Déification de Muhammad
[Phrase absente du texte arabe mais préservée dans la version française.]
"Les exégètes ont déformé le sens de la formule 'Que les bénédictions et le salut de Dieu soient sur Muhammad'. À partir de cette erreur d'interprétation, les califes, notamment ceux des dynasties omeyyade et abbasside, se sont crus autorisés à s'entourer d'adulateurs, de courtisans et à se constituer un harem."
"Des esprits sclérosés par un savoir suranné et anachronique"
[Fragment existant dans l'original arabe, élagué de la version française.]
"À partir de là, il devient clair que les idées nouvelles doivent être inculquées de manière graduelle à des esprits sclérosés par un savoir suranné et anachronique.

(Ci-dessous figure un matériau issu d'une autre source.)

lemma stationary_functional_has_derivative:
  fixes P :: "real \<Rightarrow> 'x::finite \<Rightarrow> 'x \<Rightarrow> real"
  assumes sta: "\<forall>\<^sub>F t in at \<theta>. stationary (P t) (\<pi> t)"
    and sta_\<theta>: "stationary (P \<theta>) (\<pi> \<theta>)"
    and contr: "dobrushin (P \<theta>) < 1"
    and deriv: "\<And>i j. ((\<lambda>t. P t i j) has_real_derivative P' i j) (at \<theta>)"
    and poisson: "matvec (P \<theta>) h = (\<lambda>j. h j - c j + dot (\<pi> \<theta>) c)"
  shows "((\<lambda>t. \<Sum>i\<in>UNIV. c i * \<pi> t i) has_real_derivative dot (\<pi> \<theta>) (matvec P' h)) (at \<theta>)"
proof -
  have "((\<lambda>t. P t i j) \<longlongrightarrow> P \<theta> i j) (at \<theta>)" for i j
    using DERIV_isCont[OF deriv] by (simp add: isCont_def)
  then have \<pi>_lim: "((\<lambda>t. \<pi> t i) \<longlongrightarrow> \<pi> \<theta> i) (at \<theta>)" for i
    by (rule tendsto_stationary[OF sta sta_\<theta> contr])
  have quotient: "\<forall>\<^sub>F t in at \<theta>. dot (\<pi> t) (matvec (\<lambda>i j. (P t i j - P \<theta> i j) / (t - \<theta>)) h)
      = (dot (\<pi> t) c - dot (\<pi> \<theta>) c) / (t - \<theta>)"
    using sta
  proof eventually_elim
    case (elim t)
    have "dot (\<pi> t) (matvec (\<lambda>i j. (P t i j - P \<theta> i j) / (t - \<theta>)) h)
        = dot (\<pi> t) (matvec (\<lambda>i j. P t i j - P \<theta> i j) h) / (t - \<theta>)"
      by (simp add: dot_def matvec_def sum_divide_distrib sum_distrib_left)
    then show ?case
      by (simp add: dot_stationary_diff[OF sta_\<theta> elim poisson])
  qed
  have "((\<lambda>t. dot (\<pi> t) (matvec (\<lambda>i j. (P t i j - P \<theta> i j) / (t - \<theta>)) h))
      \<longlongrightarrow> dot (\<pi> \<theta>) (matvec P' h)) (at \<theta>)"
    using deriv unfolding dot_def matvec_def has_field_derivative_iff
    by (intro tendsto_intros \<pi>_lim)
  then have "((\<lambda>t. (dot (\<pi> t) c - dot (\<pi> \<theta>) c) / (t - \<theta>))
      \<longlongrightarrow> dot (\<pi> \<theta>) (matvec P' h)) (at \<theta>)"
    using quotient by (rule Lim_transform_eventually)
  then show ?thesis
    by (simp add: has_field_derivative_iff dot_def mult.commute)
qed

Ainsi, si on avait dit aux contemporains du Prophète que la mer accueillerait des bateaux pesant des tonnes d'acier ou que des avions lourds survoleraient la terre, ils n'y auraient guère cru. Comme ils ne pouvaient croire aux télécommunications sous-marines et à la Terre sphérique et en rotation, parce qu'ils la voyaient plate."

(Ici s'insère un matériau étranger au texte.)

(* Let $m,k$ be positive integers. Define on $\mathbb{F}_{2^m}\times\mathbb{F}_{2^m}$ \[f_1(x,y)=(x^{2^k+1}+xy^{2^k}+y^{2^k+1},\;x^{2^{2k}+1}+x^{2^{2k}}y+y^{2^{2k}+1}),\] \[f_2(x,y)=(x^{2^k+1}+xy^{2^k}+y^{2^k+1},\;x^{2^{3k}}y+xy^{2^{3k}}).\] If $\gcd(3k,m)=1$, then $f_1$ is an almost-3-to-1 APN map. If $\gcd(3k,m)=1$ and $m$ is odd, then $f_2$ is an almost-3-to-1 APN map.
   Context: A map $F$ on $\mathbb{F}_{2^m}\times\mathbb{F}_{2^m}$ (an $\mathbb{F}_2$-vector space) is APN if for every nonzero $a$ and every $b$ the equation $F(z+a)+F(z)=b$ has at most 2 solutions. $F$ is almost-3-to-1 if there is a unique element of its image with exactly one preimage and every other element of the image has exactly 3 preimages. *)

theory Defs
  imports Main "HOL-Library.Product_Plus"
begin

definition APN :: "('v::{ab_group_add,finite} \<Rightarrow> 'w::ab_group_add) \<Rightarrow> bool" where
  "APN F \<longleftrightarrow> (\<forall>a b. a \<noteq> 0 \<longrightarrow> card {z. F (z + a) + F z = b} \<le> 2)"

definition almost_3_to_1 :: "('v::finite \<Rightarrow> 'w) \<Rightarrow> bool" where
  "almost_3_to_1 F \<longleftrightarrow>
     (\<exists>!y. y \<in> range F \<and> card (F -` {y}) = 1) \<and>
     (\<forall>y \<in> range F. card (F -` {y}) \<noteq> 1 \<longrightarrow> card (F -` {y}) = 3)"

definition f1 :: "nat \<Rightarrow> ('a::field \<times> 'a) \<Rightarrow> 'a \<times> 'a" where
  "f1 k = (\<lambda>(x, y).
     (x ^ (2^k + 1) + x * y ^ (2^k) + y ^ (2^k + 1),
      x ^ (2^(2*k) + 1) + x ^ (2^(2*k)) * y + y ^ (2^(2*k) + 1)))"

definition f2 :: "nat \<Rightarrow> ('a::field \<times> 'a) \<Rightarrow> 'a \<times> 'a" where
  "f2 k = (\<lambda>(x, y).
     (x ^ (2^k + 1) + x * y ^ (2^k) + y ^ (2^k + 1),
      x ^ (2^(3*k)) * y + x * y ^ (2^(3*k))))"

end

theory Submission
  imports Defs "HOL-Number_Theory.Residues"
begin

text \<open>
  Write \<open>\<sigma> x = x ^ 2 ^ k\<close>. Both maps are quadratic: for fixed \<open>a\<close> the polar map
  \<open>u \<mapsto> F (u + a) - F u - F a\<close> is additive, so \<open>F\<close> is APN as soon as, for \<open>a \<noteq> 0\<close>, this map
  vanishes only at \<open>u = 0\<close> and \<open>u = a\<close>. Both maps are also invariant under the additive map
  \<open>\<rho> (x, y) = (y, x + y)\<close>, which has order 3 and no nonzero fixed points; together with the kernel
  property this makes every nonzero fibre a \<open>\<rho>\<close>-orbit with three elements.

  For the kernel one may assume (after applying \<open>\<rho>\<close>) \<open>a = s (1, c)\<close> and write
  \<open>u = s (l, l c + w)\<close>; the two coordinates of the polar map become \<open>\<sigma>\<close>-semilinear equations in
  \<open>c\<close>, \<open>l\<close>, \<open>w\<close>. Eliminating \<open>l\<close> between them and their \<open>\<sigma>\<close>-conjugates yields \<open>X\<close>, \<open>Y\<close> with
  \<open>(\<sigma> X, \<sigma> Y) = (Y, X + Y)\<close> up to a common nonzero factor, so \<open>\<sigma>\<^sup>3\<close> fixes them after scaling.
  The fixed field of \<open>\<sigma>\<^sup>3\<close> (of \<open>\<sigma>\<^sup>6\<close> for the second map) is \<open>\<bbbF>\<^sub>2\<close> -- this is where
  \<open>gcd (3 k) m = 1\<close> and the parity of \<open>m\<close> enter -- which forces \<open>X = Y = 0\<close>, then \<open>w = 0\<close> and
  \<open>\<sigma> l = l\<close>. For the second map this is done twice: first to show
  \<open>R = (l + \<sigma> l) (c + \<sigma> c) + w + \<sigma> w = 0\<close>, after which \<open>w / (1 + c + c\<^sup>2)\<close> and
  \<open>l + c w / (1 + c + c\<^sup>2)\<close> are fixed by \<open>\<sigma>\<^sup>2\<close>.
\<close>

section \<open>Characteristic 2 and finite fields\<close>

lemma CHAR_eq_2_if_card_power_2:
  assumes "card (UNIV :: 'a::{field,finite} set) = 2 ^ m"
  shows "CHAR('a) = 2"
proof -
  have "prime CHAR('a)"
    by (rule prime_CHAR_semidom) (simp add: finite_imp_CHAR_pos)
  moreover have "CHAR('a) dvd 2 ^ m"
    using CHAR_dvd_CARD[where 'a = 'a] assms by simp
  ultimately have "CHAR('a) dvd 2"
    using prime_dvd_power by blast
  then show ?thesis
    using \<open>prime CHAR('a)\<close> by (simp add: primes_dvd_imp_eq)
qed
text \<open>Integrals of two uniform approximations of the same function are eventually close;
  this gives both the Cauchy property and the independence of the limit.\<close>
lemma approx_seq_sint_close:
  assumes mu: "mu \<in> ba M" and s: "approx_seq h s" and t: "approx_seq h t" and r: "r > 0"
  shows "\<exists>N. \<forall>m\<ge>N. \<forall>n\<ge>N. \<bar>sint \<Omega> mu (s m) - sint \<Omega> mu (t n)\<bar> < r"
proof -
  define T where "T = tv M mu \<Omega>"
  have T: "0 \<le> T" unfolding T_def by (rule tv_space_nonneg[OF mu])
  define q where "q = r / (2 * (T + 1))"
  have q: "q > 0" unfolding q_def using r T by (simp add: add_nonneg_pos)
  obtain N1 where N1: "\<forall>n\<ge>N1. \<forall>x\<in>\<Omega>. \<bar>h x - s n x\<bar> \<le> q" using s q unfolding approx_seq_def by blast
  obtain N2 where N2: "\<forall>n\<ge>N2. \<forall>x\<in>\<Omega>. \<bar>h x - t n x\<bar> \<le> q" using t q unfolding approx_seq_def by blast
  have "\<bar>sint \<Omega> mu (s m) - sint \<Omega> mu (t n)\<bar> < r" if "m \<ge> max N1 N2" "n \<ge> max N1 N2" for m n
  proof -
    have "\<bar>sint \<Omega> mu (s m) - sint \<Omega> mu (t n)\<bar> \<le> (2 * q) * T"
    proof (rule sint_close[OF mu _ _, folded T_def])
      show "simple_fn \<Omega> M (s m)" "simple_fn \<Omega> M (t n)" using s t unfolding approx_seq_def by auto
      fix x assume x: "x \<in> \<Omega>"
      have "\<bar>h x - s m x\<bar> \<le> q" "\<bar>h x - t n x\<bar> \<le> q" using N1 N2 that x by auto
      moreover have "\<bar>s m x - t n x\<bar> \<le> \<bar>h x - s m x\<bar> + \<bar>h x - t n x\<bar>" by simp
      ultimately show "\<bar>s m x - t n x\<bar> \<le> 2 * q" by linarith
    qed
    also have "\<dots> = T * (r / (T + 1))" unfolding q_def using T by (simp add: field_simps)
    also have "\<dots> < r" by (rule fraction_lt[OF r T])
    finally show ?thesis .
  qed
  then show ?thesis by blast
qed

"Ma dernière mission : l'égalité entre hommes et femmes"
"Je voudrais attirer votre attention sur le fait que je ferai tout ce qui est en mon pouvoir afin de réaliser une dernière chose avant de considérer ma mission comme terminée. Je fais référence à l'égalité entre hommes et femmes. À l'école, au travail, dans les champs et même parmi le personnel de la police, l'égalité est assurée. Sauf en matière successorale. La femme hérite encore une part égale à la moitié de celle échue à l'homme. Cette disposition se justifiait quand l'homme était prépondérant. La femme était effectivement dans une situation sociale ne permettant pas l'instauration de l'égalité avec l'homme. À l'époque, on enterrait les filles à leur naissance et elles étaient traitées avec mépris. Il en va autrement aujourd'hui. Désormais, elle est active, et il lui arrive même de subvenir aux besoins de ses frères cadets. Je vous donne un exemple : mon épouse a dû subvenir aux besoins de son frère cadet afin qu'il poursuive des études. Est-ce juste dans ce cas qu'elle n'hérite que de la moitié de la part revenant à son frère ? Dans ce genre de situation, nous devons emprunter la voie de l'ijtihad et prendre l'initiative de faire évoluer les dispositions charaïques [édictées par la charia] en fonction de l'évolution de la société. Nous avons déjà aboli la polygamie à partir de l'exégèse du verset approprié [Bourguiba se réfère à la sourate 4, verset 129]. Il appartient en effet au détenteur du pouvoir, en tant qu'émir des croyants, de faire évoluer la législation en fonction de l'évolution du peuple, de la notion de travail et du mode de vie."
* Les citations du Coran sont extraites de la traduction de référence de Denise Masson (Gallimard, « La Pléiade »).